William H. Clothier's cinematography nicely captures the idyllic beauty of the locations (filmed mostly on Kaua'i in Hawaii), and the lovely choral music of Hawaiian standards (orchestrated by Cyril Mockridge) adds much to the film's warm, friendly tone. John Ford's beloved yacht Araner gets not only name-checked but makes a few appearances. For Ford, Wayne, Marvin and their families, the project was designed to be a bit of summer fun, a last hurrah in paradise of sorts for the director. But making the film wasn't exactly smooth sailing:
"Ford had not been on the island twenty-four hours when he learned that Paramount had pulled the financing from Donovan's Reef, although they still agreed to distribute it. He decided to produce the film himself, even though a screenplay did not exist. Ford rejected Jimmy Grant's first draft and fired him. He then asked Frank Nugent to come up with something quickly. 'The results are what you saw on screen,' cameraman Bill Clothier said. 'I suppose you've got to blame the Old Man for that. It was just plain bad judgment.' Lee Marvin, at his boozy worst in 1962 and still years away from Alcoholics Anonymous, was so often hung over in the morning that shooting had to be rescheduled. Elizabeth Allen [...} remembered one night when a smashed Lee Marvin removed every stitch of his clothing, climbed up on the bar at the Kawaii Hotel, and performed a hula. Shorter-tempered than usual, Ford was more irritable than ever. Wayne, very protective of Ford and aware that the old man was slipping, again became almost assistant director." (1)

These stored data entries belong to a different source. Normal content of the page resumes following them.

(* Let $M$ be a commutative monoid and $\mathcal{A}$ an $\mathbb{H}M$-module. For all integers $0<n<r$, $H^n(M,r;\mathcal{A})=0$.
   Context: Let $M$ be a commutative monoid with identity $e$. $\mathbb{H}M$ has objects the elements of $M$ and morphisms $(x,y):x\to xy$, composition $(xy,z)(x,y)=(x,yz)$. An $\mathbb{H}M$-module $\mathcal{A}$ is a functor $\mathbb{H}M\to\mathbf{Ab}$: groups $\mathcal{A}(x)$ with $y_*:\mathcal{A}(x)\to\mathcal{A}(xy)$, $y_*z_*=(yz)_*$, $e_*=\mathrm{id}$. Tensor product $(\mathcal{A}\otimes_{\mathbb{H}M}\mathcal{B})(x)=\bigoplus_{zt=x}\mathcal{A}(z)\otimes\mathcal{B}(t)/(u_*a\otimes b=a\otimes u_*b)$; unit the constant module $\mathbb{Z}$; chain complexes of $\mathbb{H}M$-modules form a symmetric monoidal category with Koszul signs. A commutative DGA-algebra over $\mathbb{H}M$ is a commutative monoid $(\mathcal{A},\circ,\iota)$ there with a monoid morphism $\epsilon:\mathcal{A}\to\mathbb{Z}$, $\epsilon_x(a)=\tilde\epsilon(a)x$. Its reduced bar construction $\mathbf{B}(\mathcal{A})$ has $\mathbf{B}(\mathcal{A})_n(x)$ generated by $[\,]$ (degree $0$) and $[a_1|\cdots|a_p]$ with $a_i\in(\mathrm{coker}\,\iota)_{r_i}(x_i)$, $x_1\cdots x_p=x$, $p+\sum r_i=n$; differential $\partial[a_1|\cdots|a_p]=-\sum_i(-1)^{e_{i-1}}[\cdots|\partial a_i|\cdots]+\tilde\epsilon(a_1)x_{1*}[a_2|\cdots]+\sum_{i<p}(-1)^{e_i}[\cdots|a_i\circ a_{i+1}|\cdots]+(-1)^{e_p}\tilde\epsilon(a_p)x_{p*}[\cdots|a_{p-1}]$, $e_i=i+r_1+\cdots+r_i$; multiplication the signed shuffle product $[a_1|\cdots|a_p]\circ[a_{p+1}|\cdots|a_{p+q}]=\sum_\sigma(-1)^{e(\sigma)}[a_{\sigma^{-1}(1)}|\cdots|a_{\sigma^{-1}(p+q)}]$, $e(\sigma)=\sum_{\sigma(i)>\sigma(p+j)}(1+r_i)(1+r_{p+j})$; unit $[\,]$; augmentation $\mathbf{B}(\mathcal{A})_0\cong\mathbb{Z}$. It is again such an algebra, so $\mathbf{B}^r$ is defined. $\mathcal{Z}M$: $\mathcal{Z}M(x)$ free abelian on $\{(u,v):uv=x\}$, $y_*(u,v)=(yu,v)$, $(u,v)\circ(w,t)=(uw,vt)$, unit $(e,e)$, degree $0$, augmentation $(u,v)\mapsto$ generator of $\mathbb{Z}(x)$. $H^n(M,r;\mathcal{A})=H^n(\mathrm{Hom}_{\mathbb{H}M}(\mathbf{B}^r(\mathcal{Z}M),\mathcal{A}))$. *)

theory Defs
  imports "HOL-Algebra.Group"
begin

text \<open>An HM-module is a family of abelian groups A x (x in M) with homomorphisms
  act x y : A x -> A (x*y)  (the map y_* ), functorial: 1_* = id, y_* z_* = (z*y)_*.\<close>

definition HM_module ::
  "('m::comm_monoid_mult \<Rightarrow> ('a,'b) monoid_scheme) \<Rightarrow> ('m \<Rightarrow> 'm \<Rightarrow> 'a \<Rightarrow> 'a) \<Rightarrow> bool" where
  "HM_module A act \<longleftrightarrow>
     (\<forall>x. comm_group (A x)) \<and>
     (\<forall>x y. act x y \<in> hom (A x) (A (x * y))) \<and>
     (\<forall>x a. a \<in> carrier (A x) \<longrightarrow> act x 1 a = a) \<and>
     (\<forall>x y z a. a \<in> carrier (A x) \<longrightarrow> act (x * z) y (act x z a) = act x (z * y) a)"

text \<open>Level 0 cells Gen u v are the basis (u,v) of ZM(u*v).  A level r+1 cell is either
  Emp x, the generator x_*[] of B_0(x), or a bar word Wrd [a1,...,ap] (p>0) of level r cells.
  Elements of B^r(ZM) are represented by formal integer combinations of cells, modulo the
  relations given by rels below.\<close>

datatype 'm cell = Gen 'm 'm | Emp 'm | Wrd "'m cell list"

type_synonym 'm fs = "(int \<times> 'm cell) list"

fun deg :: "'m cell \<Rightarrow> nat" where
  "deg (Gen u v) = 0"
| "deg (Emp x) = 0"
| "deg (Wrd cs) = length cs + sum_list (map deg cs)"

fun wt :: "'m::comm_monoid_mult cell \<Rightarrow> 'm" where
  "wt (Gen u v) = u * v"
| "wt (Emp x) = x"
| "wt (Wrd cs) = prod_list (map wt cs)"

fun lev :: "nat \<Rightarrow> 'm cell \<Rightarrow> bool" where
  "lev 0 c = (case c of Gen u v \<Rightarrow> True | _ \<Rightarrow> False)"
| "lev (Suc r) c = (case c of Emp x \<Rightarrow> True
                     | Wrd cs \<Rightarrow> cs \<noteq> [] \<and> (\<forall>d\<in>set cs. lev r d)
                     | Gen u v \<Rightarrow> False)"

fun act_c :: "'m::comm_monoid_mult \<Rightarrow> 'm cell \<Rightarrow> 'm cell" where
  "act_c y (Gen u v) = Gen (y * u) v"
| "act_c y (Emp x) = Emp (y * x)"
| "act_c y (Wrd []) = Wrd []"
| "act_c y (Wrd (c # cs)) = Wrd (act_c y c # cs)"
lemma distinguishing_F_labeling:
  assumes "2 \<le> m"
  shows "distinguishing_labeling (F_V m) (F_E m) m (F_labeling m)"
  unfolding distinguishing_labeling_def
proof (intro conjI allI impI)
  show "F_labeling m ` F_V m \<subseteq> {1..m}"
    using assms by (auto simp: F_labeling_def F_V_iff) arith+
  fix \<sigma>
  assume "automorphism (F_V m) (F_E m) \<sigma> \<and> (\<forall>v\<in>F_V m. F_labeling m (\<sigma> v) = F_labeling m v)"
  then have aut: "automorphism (F_V m) (F_E m) \<sigma>"
    and lab: "\<forall>v\<in>F_V m. F_labeling m (\<sigma> v) = F_labeling m v" by blast+
  have centres: "\<forall>u\<in>{Inl 0, Inr 0}. \<sigma> u = u"
  proof
    fix x :: "nat + nat" assume x: "x \<in> {Inl 0, Inr 0}"
    then have xV: "x \<in> F_V m" by (auto simp: F_V_iff)
    then have "\<sigma> x \<in> F_V m"
      using aut by (auto simp: automorphism_def bij_betw_apply)
    moreover have "3 \<le> card (neighbours (F_V m) (F_E m) (\<sigma> x))"
      using card_neighbours_automorphism[OF aut xV] card_neighbours_F_centres[OF assms] x by simp
    ultimately have "\<sigma> x = Inl 0 \<or> \<sigma> x = Inr 0"
      using card_neighbours_F_le_2 by force
    then show "\<sigma> x = x"
      using lab xV x by (auto simp: F_labeling_def)
  qed
  have first_copy: "\<sigma> (Inl i) = Inl i" if "i \<le> 2 * m" for i
  proof (cases "i = 0")
    case False
    show ?thesis
    proof (rule automorphism_fixes_if_unique_profile[OF aut lab _ centres])
      show "{Inl 0, Inr 0} \<subseteq> F_V m" "Inl i \<in> F_V m - {Inl 0, Inr 0}"
        using that False by (auto simp: F_V_iff)
      fix w assume w: "w \<in> F_V m - {Inl 0, Inr 0}" "F_labeling m w = F_labeling m (Inl i)"
        and "\<forall>u\<in>{Inl 0, Inr 0}. F_E m u w \<longleftrightarrow> F_E m u (Inl i)"
      then have "F_E m (Inl 0) w \<longleftrightarrow> F_E m (Inl 0) (Inl i)"
        and "F_E m (Inr 0) w \<longleftrightarrow> F_E m (Inr 0) (Inl i)"
        by blast+
      with w that False show "w = Inl i"
        by (cases w)
          (auto simp: functigraph_V_def star_V_def star_E_def star_fold_def F_labeling_def
            split: if_splits)
    qed
  qed (use centres in simp)
  have second_copy: "\<sigma> (Inr j) = Inr j" if "j \<le> 2 * m" for j
  proof (cases "j = 0")
    case False
    let ?U = "insert (Inr 0) (Inl ` star_V (2 * m))"
    show ?thesis
    proof (rule automorphism_fixes_if_unique_profile[OF aut lab, of ?U])
      show "?U \<subseteq> F_V m" "Inr j \<in> F_V m - ?U"
        using that False by (auto simp: functigraph_V_def star_V_def)
      show "\<forall>u\<in>?U. \<sigma> u = u"
        using centres first_copy by (auto simp: star_V_def)
      fix w assume w: "w \<in> F_V m - ?U" "F_labeling m w = F_labeling m (Inr j)"
        and adj: "\<forall>u\<in>?U. F_E m u w \<longleftrightarrow> F_E m u (Inr j)"
      then obtain k where k: "w = Inr k" "0 < k" "k \<le> 2 * m"
        by (auto simp: functigraph_V_def star_V_def)
      have "F_E m (Inl k) w \<longleftrightarrow> F_E m (Inl k) (Inr j)"
        and "F_E m (Inl j) w \<longleftrightarrow> F_E m (Inl j) (Inr j)"
        using adj k that by (auto simp: star_V_def)
      with w k that False show "w = Inr j"
        by (auto simp: star_V_def star_fold_def F_labeling_def split: if_splits)
    qed
  qed (use centres in simp)
  show "\<forall>v\<in>F_V m. \<sigma> v = v"
    using first_copy second_copy by (auto simp: F_V_iff)
qed

lemma Dist_F:
  assumes "2 \<le> m"
  shows "Dist (F_V m) (F_E m) = m"
  using distinguishing_F_labeling[OF assms] distinguishing_labeling_F_ge by (rule Dist_eqI)

theorem lemma2p8:
  fixes t :: int
  assumes "t \<ge> 3"
  shows "\<exists>(V :: nat set) E g. connected_graph V E \<and> g ` V \<subseteq> V \<and>
    int (Dist V E) - int (Dist (functigraph_V V) (functigraph_E E V g)) = t"
proof -
  define m where "m = nat t"
  have m: "2 \<le> m" and t: "t = int m"
    using assms by (auto simp: m_def)
  show ?thesis
  proof (intro exI conjI)
    show "connected_graph (star_V (2 * m)) (star_E (2 * m))"
      by (rule connected_star)
    show "star_fold m ` star_V (2 * m) \<subseteq> star_V (2 * m)"
      by (auto simp: star_fold_def star_V_def)
    show "int (Dist (star_V (2 * m)) (star_E (2 * m))) - int (Dist (F_V m) (F_E m)) = t"
      using Dist_star[of "2 * m"] Dist_F[OF m] m t by simp
  qed
qed

end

While it's true that the resulting screenplay is not exactly the model of wit or focused narrative, it's what happens in the spaces between that gives the film its ineffable appeal. What the movie does especially well is communicate the feeling of slow, lazy island living. We hear the breeze sighing through the palm trees, witness the caprices of weather, with sudden, lashing storms and expansive, sunny skies, observe the cheerful, brightly-garbed native Polynesians, the chattering Chinese tradesmen, the pious French nuns, and the various barflies, floozies and sailors that populate Donovan's bar. It might be just a white male fantasyland, filtered through an aging and ailing filmmaker's mind, but it's an interesting and vibrant world, and I for one enjoy the time spent there. The hour and 45 minutes fly by, despite there not being much tension or dramatic stakes...but then, not all films have to be slave to such plot mechanics.

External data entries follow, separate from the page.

lemma nn_integral_Zg_displacement_le:
  assumes avg: "(\<integral>\<^sup>+p. ennreal (gauss_pair a c p) * ennreal (norm (\<pi> (hmul (Xg (fst p)) (Yg (snd p))) v - y))
      \<partial>lborel) \<le> ennreal e"
    and "0 < e"
  shows "(\<integral>\<^sup>+u. ennreal (gauss (a + c) u) * ennreal (norm (\<pi> (Zg u) v - v)) \<partial>lborel)
    \<le> ennreal (48 * exp 1 * e / gauss_floor\<^sup>2)"
proof -
  define dist_y where "dist_y p = norm (\<pi> (hmul (Xg (fst p)) (Yg (snd p))) v - y)" for p
  define disp where "disp u = norm (\<pi> (Zg u) v - v)" for u
  define G where "G s t = ennreal (dist_y (s, t))" for s t
  have [measurable]: "dist_y \<in> borel_measurable borel" "disp \<in> borel_measurable borel"
    unfolding dist_y_def disp_def
    by (intro borel_measurable_continuous_onI continuous_intros continuous_on_rep_XY continuous_on_rep_Zg)+
  have G_borel: "case_prod G \<in> borel_measurable borel"
    unfolding G_def case_prod_beta' prod.collapse by measurable
  have "(\<integral>\<^sup>+p. ennreal (gauss_pair a c p) * G (fst p) (snd p) \<partial>lborel) \<le> ennreal e"
    using avg by (simp add: G_def dist_y_def)
  then obtain t0 s1 s2 where t0: "t0 \<in> {0..exp c}" and s: "s1 \<in> {exp a..2 * exp a}" "s2 \<in> {-2 * exp a..- exp a}"
    and corners: "(\<integral>\<^sup>+t. ennreal (gauss c t) * (G s1 t + G s2 t + G s1 t0 + G s2 t0) \<partial>lborel)
      \<le> ennreal (12 * e / gauss_floor\<^sup>2)"
    using exists_good_corners[OF G_borel _ \<open>0 < e\<close>] by blast
  define r where "r = s1 - s2"
  have r: "2 * exp a \<le> r" "r \<le> 4 * exp a"
    using s by (auto simp: r_def)
  have "(\<integral>\<^sup>+u. ennreal (gauss (a + c) u) * ennreal (disp u) \<partial>lborel)
      \<le> ennreal (4 * exp 1) * (\<integral>\<^sup>+t. ennreal (gauss c t) * ennreal (disp (r * (t - t0))) \<partial>lborel)"
    using t0 by (intro nn_integral_gauss_rescale_le r) auto
  also have "\<dots> \<le> ennreal (4 * exp 1) * (\<integral>\<^sup>+t. ennreal (gauss c t) * (G s1 t + G s2 t + G s1 t0 + G s2 t0) \<partial>lborel)"
  proof (rule mult_left_mono[OF nn_integral_mono])
    fix t
    have "disp (r * (t - t0)) \<le> dist_y (s1, t) + dist_y (s2, t) + dist_y (s1, t0) + dist_y (s2, t0)"
      unfolding disp_def dist_y_def r_def by (simp add: norm_rep_Zg_commutator_le)
    then show "ennreal (gauss c t) * ennreal (disp (r * (t - t0)))
        \<le> ennreal (gauss c t) * (G s1 t + G s2 t + G s1 t0 + G s2 t0)"
      unfolding G_def
      by (intro mult_left_mono) (auto simp: dist_y_def ennreal_plus[symmetric] simp del: ennreal_plus intro: ennreal_leI)
  qed simp
  also have "\<dots> \<le> ennreal (4 * exp 1) * ennreal (12 * e / gauss_floor\<^sup>2)"
    using corners by (rule mult_left_mono) simp
  also have "\<dots> = ennreal (48 * exp 1 * e / gauss_floor\<^sup>2)"
    using \<open>0 < e\<close> by (simp add: ennreal_mult[symmetric])
  finally show ?thesis
    unfolding disp_def .
qed

lemma integral_Zg_displacement_le:
  assumes avg: "integral UNIV (\<lambda>p. gauss_pair a c p * norm (\<pi> (hmul (Xg (fst p)) (Yg (snd p))) v - y)) \<le> e"
    and "0 < e"
  shows "integral UNIV (\<lambda>u. gauss (a + c) u * norm (\<pi> (Zg u) v - v)) \<le> 48 * exp 1 * e / gauss_floor\<^sup>2"
proof -
  have "(\<integral>\<^sup>+p. ennreal (gauss_pair a c p) * ennreal (norm (\<pi> (hmul (Xg (fst p)) (Yg (snd p))) v - y)) \<partial>lborel)
      = ennreal (integral UNIV (\<lambda>p. gauss_pair a c p * norm (\<pi> (hmul (Xg (fst p)) (Yg (snd p))) v - y)))"
    by (rule nn_integral_weighted_eq_integral[OF continuous_on_gauss_pair, where B = "norm v + norm y"])
       (use has_integral_gauss_pair in \<open>auto simp: less_imp_le[OF gauss_pair_pos]
         intro!: continuous_intros continuous_on_rep_XY
         intro: has_integral_integrable order_trans[OF norm_triangle_ineq4]\<close>)
  also have "\<dots> \<le> ennreal e"
    using avg by (rule ennreal_leI)
  finally have "(\<integral>\<^sup>+u. ennreal (gauss (a + c) u) * ennreal (norm (\<pi> (Zg u) v - v)) \<partial>lborel)
      \<le> ennreal (48 * exp 1 * e / gauss_floor\<^sup>2)"
    using \<open>0 < e\<close> by (rule nn_integral_Zg_displacement_le)
  moreover have "(\<integral>\<^sup>+u. ennreal (gauss (a + c) u) * ennreal (norm (\<pi> (Zg u) v - v)) \<partial>lborel)
      = ennreal (integral UNIV (\<lambda>u. gauss (a + c) u * norm (\<pi> (Zg u) v - v)))"
    by (rule nn_integral_weighted_eq_integral[OF continuous_on_gauss, where B = "2 * norm v"])
       (use has_integral_gauss in \<open>auto simp: less_imp_le[OF gauss_pos]
         intro!: continuous_intros continuous_on_rep_Zg
         intro: has_integral_integrable order_trans[OF norm_triangle_ineq4]\<close>)
  ultimately show ?thesis
    using \<open>0 < e\<close> by (simp add: ennreal_le_iff)
qed

lemma norm_piXY_le_twice_norm_piZ:
  assumes "0 < e0" "e0 \<le> gauss_floor\<^sup>2 / (192 * exp 1)" and "0 < d"
    and modulus: "\<And>x y :: 'a. \<And>n. norm x = n \<Longrightarrow> norm y = n \<Longrightarrow>
        norm (x - y) \<le> e0 * n + (2 / d) * (n - norm ((1/2) *\<^sub>R (x + y)))"
    and large: "(1 - d * e0) * norm \<xi> < norm (piXY \<pi> a c \<xi>)"
  shows "norm (piXY \<pi> a c \<xi>) \<le> 2 * norm (piZ \<pi> (a + c) \<xi>)"
proof (cases "piXY \<pi> a c \<xi> = 0")
  case False
  define \<eta> n where "\<eta> = piXY \<pi> a c \<xi>" and "n = norm \<xi>"
  have "norm \<eta> \<le> n" "0 < norm \<eta>"
    using False norm_piXY_le by (simp_all add: \<eta>_def n_def)
  then have "0 < n"
    by linarith
  define y where "y = (n / norm \<eta>) *\<^sub>R \<eta>"
  have "norm y = n" and "norm ((1/2) *\<^sub>R (\<eta> + y)) = (norm \<eta> + n) / 2"
    using \<open>0 < norm \<eta>\<close> \<open>norm \<eta> \<le> n\<close>
    by (simp_all add: y_def n_def scaleR_add_left[symmetric] distrib_right field_simps)
  note mid = this(2)
  have modulus_y: "norm x = n \<Longrightarrow> norm (x - y) \<le> e0 * n + (2 / d) * (n - norm ((1/2) *\<^sub>R (x + y)))" for x
    using modulus \<open>norm y = n\<close> by blast
  have "integral UNIV (\<lambda>p. gauss_pair a c p * norm (\<pi> (hmul (Xg (fst p)) (Yg (snd p))) \<xi> - y))
      \<le> e0 * n + (2 / d) * (n - norm ((1/2) *\<^sub>R (\<eta> + y)))"
    unfolding \<eta>_def piXY_eq_integral
    by (rule integral_dist_le_modulus[OF continuous_on_gauss_pair has_integral_gauss_pair _
          continuous_on_rep_XY _ \<open>norm y = n\<close> \<open>0 < d\<close> modulus_y])
       (simp_all add: n_def less_imp_le[OF gauss_pair_pos])
  also have "\<dots> = e0 * n + (2 / d) * (n - (norm \<eta> + n) / 2)"
    by (simp only: mid)
  also have "\<dots> = e0 * n + (n - norm \<eta>) / d"
    using \<open>0 < d\<close> by (simp add: field_simps)
  also have "\<dots> \<le> 2 * e0 * n"
    using large \<open>0 < d\<close> by (simp add: \<eta>_def n_def field_simps)
  finally have "integral UNIV (\<lambda>u. gauss (a + c) u * norm (\<pi> (Zg u) \<xi> - \<xi>))
      \<le> 48 * exp 1 * (2 * e0 * n) / gauss_floor\<^sup>2"
    using \<open>0 < e0\<close> \<open>0 < n\<close> by (intro integral_Zg_displacement_le) auto
  also have "\<dots> \<le> n / 2"
    using assms(2) gauss_floor_pos \<open>0 < n\<close> by (simp add: field_simps)
  finally show ?thesis
    using norm_piZ_ge[of \<xi> "a + c"] \<open>norm \<eta> \<le> n\<close> by (simp add: \<eta>_def n_def)
qed simp

end

theorem lemma4p2:
  assumes "uniformly_convex (UNIV :: 'a::banach set)"
  shows "\<exists>q0::real. q0 < 1 \<and>
    (\<forall>\<pi> :: heis \<Rightarrow> 'a \<Rightarrow> 'a. heis_isometric_rep \<pi> \<longrightarrow>
      (\<forall>a c :: real. \<forall>\<xi> :: 'a.
         norm (piXY \<pi> a c \<xi>) \<le> max (q0 * norm \<xi>) (2 * norm (piZ \<pi> (a + c) \<xi>))))"
proof -
  define e0 where "e0 = gauss_floor\<^sup>2 / (192 * exp 1)"
  have "0 < e0"
    unfolding e0_def using gauss_floor_pos by simp
  then obtain d where "0 < d" and modulus: "\<And>x y :: 'a. \<And>n. norm x = n \<Longrightarrow> norm y = n \<Longrightarrow>
      norm (x - y) \<le> e0 * n + (2 / d) * (n - norm ((1/2) *\<^sub>R (x + y)))"
    using uniformly_convex_modulus[OF assms] by blast
  show ?thesis
  proof (intro exI[of _ "1 - d * e0"] conjI allI impI)
    show "1 - d * e0 < 1"
      using \<open>0 < d\<close> \<open>0 < e0\<close> by simp
    fix \<pi> :: "heis \<Rightarrow> 'a \<Rightarrow> 'a" and a c \<xi>
    assume "heis_isometric_rep \<pi>"
    then interpret banach_heis_rep \<pi>
      by unfold_locales
    show "norm (piXY \<pi> a c \<xi>) \<le> max ((1 - d * e0) * norm \<xi>) (2 * norm (piZ \<pi> (a + c) \<xi>))"
    proof (cases "(1 - d * e0) * norm \<xi> < norm (piXY \<pi> a c \<xi>)")
      case True
      have "norm (piXY \<pi> a c \<xi>) \<le> 2 * norm (piZ \<pi> (a + c) \<xi>)"
        by (rule norm_piXY_le_twice_norm_piZ[OF \<open>0 < e0\<close> _ \<open>0 < d\<close> _ True])
           (simp add: e0_def, fact modulus)
      then show ?thesis
        by simp
    qed simp
  qed
qed

end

Donavon's Reef offers a romanticized slice of early 1960s island life, and should prove relaxing fun for those willing to go along for the ride. It might not make it into my personal Top Ten John Wayne movies, but it wouldn't be far down the list of runners-up, either.
DVD Note: Paramount's widescreen DVD looks nice on a big screen monitor, but could benefit from the added clarity Blu-Ray could provide. I imagine we'll see an HD release of the film someday, given John Wayne's continued popularity.
Source Note: (1) excerpted from John Wayne American, by Randy Roberts and James S. Olson, published by the Free Press, 1995.